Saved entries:
*** Block opens ***

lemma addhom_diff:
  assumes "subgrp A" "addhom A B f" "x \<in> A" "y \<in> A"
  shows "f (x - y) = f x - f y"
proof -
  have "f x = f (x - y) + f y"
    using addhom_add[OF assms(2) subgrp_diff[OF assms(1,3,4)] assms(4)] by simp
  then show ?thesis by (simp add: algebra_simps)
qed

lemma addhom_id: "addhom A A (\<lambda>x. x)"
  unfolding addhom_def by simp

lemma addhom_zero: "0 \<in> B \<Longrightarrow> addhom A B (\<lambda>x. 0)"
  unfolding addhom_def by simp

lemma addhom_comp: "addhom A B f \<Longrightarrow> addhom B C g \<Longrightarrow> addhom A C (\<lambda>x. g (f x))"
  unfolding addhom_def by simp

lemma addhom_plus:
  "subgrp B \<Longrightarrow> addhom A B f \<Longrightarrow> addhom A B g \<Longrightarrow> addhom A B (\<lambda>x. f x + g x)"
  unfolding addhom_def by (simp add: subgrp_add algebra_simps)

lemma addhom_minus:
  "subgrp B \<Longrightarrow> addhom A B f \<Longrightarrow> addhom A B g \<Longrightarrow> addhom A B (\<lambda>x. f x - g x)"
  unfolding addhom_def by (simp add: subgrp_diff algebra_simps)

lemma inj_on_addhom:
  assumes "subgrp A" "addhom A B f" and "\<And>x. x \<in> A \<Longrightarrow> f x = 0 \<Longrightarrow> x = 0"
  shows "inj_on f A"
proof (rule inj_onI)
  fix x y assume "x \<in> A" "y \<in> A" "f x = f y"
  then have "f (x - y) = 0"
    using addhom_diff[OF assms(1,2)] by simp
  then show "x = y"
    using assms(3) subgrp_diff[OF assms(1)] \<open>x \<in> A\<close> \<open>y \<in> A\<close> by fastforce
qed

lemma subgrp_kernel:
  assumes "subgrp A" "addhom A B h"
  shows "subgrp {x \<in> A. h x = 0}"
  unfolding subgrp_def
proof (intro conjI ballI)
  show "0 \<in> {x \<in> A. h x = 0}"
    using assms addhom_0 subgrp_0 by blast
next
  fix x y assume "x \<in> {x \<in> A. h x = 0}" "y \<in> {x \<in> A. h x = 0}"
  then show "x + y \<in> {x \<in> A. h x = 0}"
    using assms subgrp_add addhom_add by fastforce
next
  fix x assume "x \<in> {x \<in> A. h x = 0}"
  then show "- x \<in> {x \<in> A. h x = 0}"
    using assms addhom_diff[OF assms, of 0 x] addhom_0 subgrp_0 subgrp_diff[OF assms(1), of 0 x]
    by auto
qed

*** Block closes ***
*** Block opens ***

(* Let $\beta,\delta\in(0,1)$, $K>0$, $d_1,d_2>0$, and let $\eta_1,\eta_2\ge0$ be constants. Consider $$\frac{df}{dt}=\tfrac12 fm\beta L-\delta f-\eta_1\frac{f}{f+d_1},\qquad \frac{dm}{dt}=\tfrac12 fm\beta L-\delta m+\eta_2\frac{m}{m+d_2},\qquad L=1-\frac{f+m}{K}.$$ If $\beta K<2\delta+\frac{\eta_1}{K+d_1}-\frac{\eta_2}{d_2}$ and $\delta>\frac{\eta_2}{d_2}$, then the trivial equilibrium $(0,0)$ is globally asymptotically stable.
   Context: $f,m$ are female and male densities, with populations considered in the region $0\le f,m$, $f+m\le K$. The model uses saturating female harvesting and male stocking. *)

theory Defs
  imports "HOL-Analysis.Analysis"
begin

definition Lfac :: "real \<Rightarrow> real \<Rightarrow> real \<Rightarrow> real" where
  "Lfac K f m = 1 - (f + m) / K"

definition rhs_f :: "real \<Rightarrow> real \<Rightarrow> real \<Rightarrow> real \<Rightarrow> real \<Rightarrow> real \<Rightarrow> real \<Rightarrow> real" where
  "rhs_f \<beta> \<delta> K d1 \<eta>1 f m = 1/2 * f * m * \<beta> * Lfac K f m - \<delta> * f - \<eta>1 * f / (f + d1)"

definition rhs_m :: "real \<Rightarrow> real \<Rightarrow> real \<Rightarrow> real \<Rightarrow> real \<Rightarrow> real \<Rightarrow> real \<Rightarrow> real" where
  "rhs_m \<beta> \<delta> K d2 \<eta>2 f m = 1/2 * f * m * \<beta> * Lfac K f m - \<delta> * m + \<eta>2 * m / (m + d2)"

*** Block closes ***

--- What you need to do ---
Look above for the line holding "Context: $f,m$ are" and the line holding "K d2 \<eta>2". Retype both, and every line between them, word for word and nothing else.

--- Result of this task ---
   Context: $f,m$ are female and male densities, with populations considered in the region $0\le f,m$, $f+m\le K$. The model uses saturating female harvesting and male stocking. *)

theory Defs
  imports "HOL-Analysis.Analysis"
begin

definition Lfac :: "real \<Rightarrow> real \<Rightarrow> real \<Rightarrow> real" where
  "Lfac K f m = 1 - (f + m) / K"

definition rhs_f :: "real \<Rightarrow> real \<Rightarrow> real \<Rightarrow> real \<Rightarrow> real \<Rightarrow> real \<Rightarrow> real \<Rightarrow> real" where
  "rhs_f \<beta> \<delta> K d1 \<eta>1 f m = 1/2 * f * m * \<beta> * Lfac K f m - \<delta> * f - \<eta>1 * f / (f + d1)"

definition rhs_m :: "real \<Rightarrow> real \<Rightarrow> real \<Rightarrow> real \<Rightarrow> real \<Rightarrow> real \<Rightarrow> real \<Rightarrow> real" where
  "rhs_m \<beta> \<delta> K d2 \<eta>2 f m = 1/2 * f * m * \<beta> * Lfac K f m - \<delta> * m + \<eta>2 * m / (m + d2)"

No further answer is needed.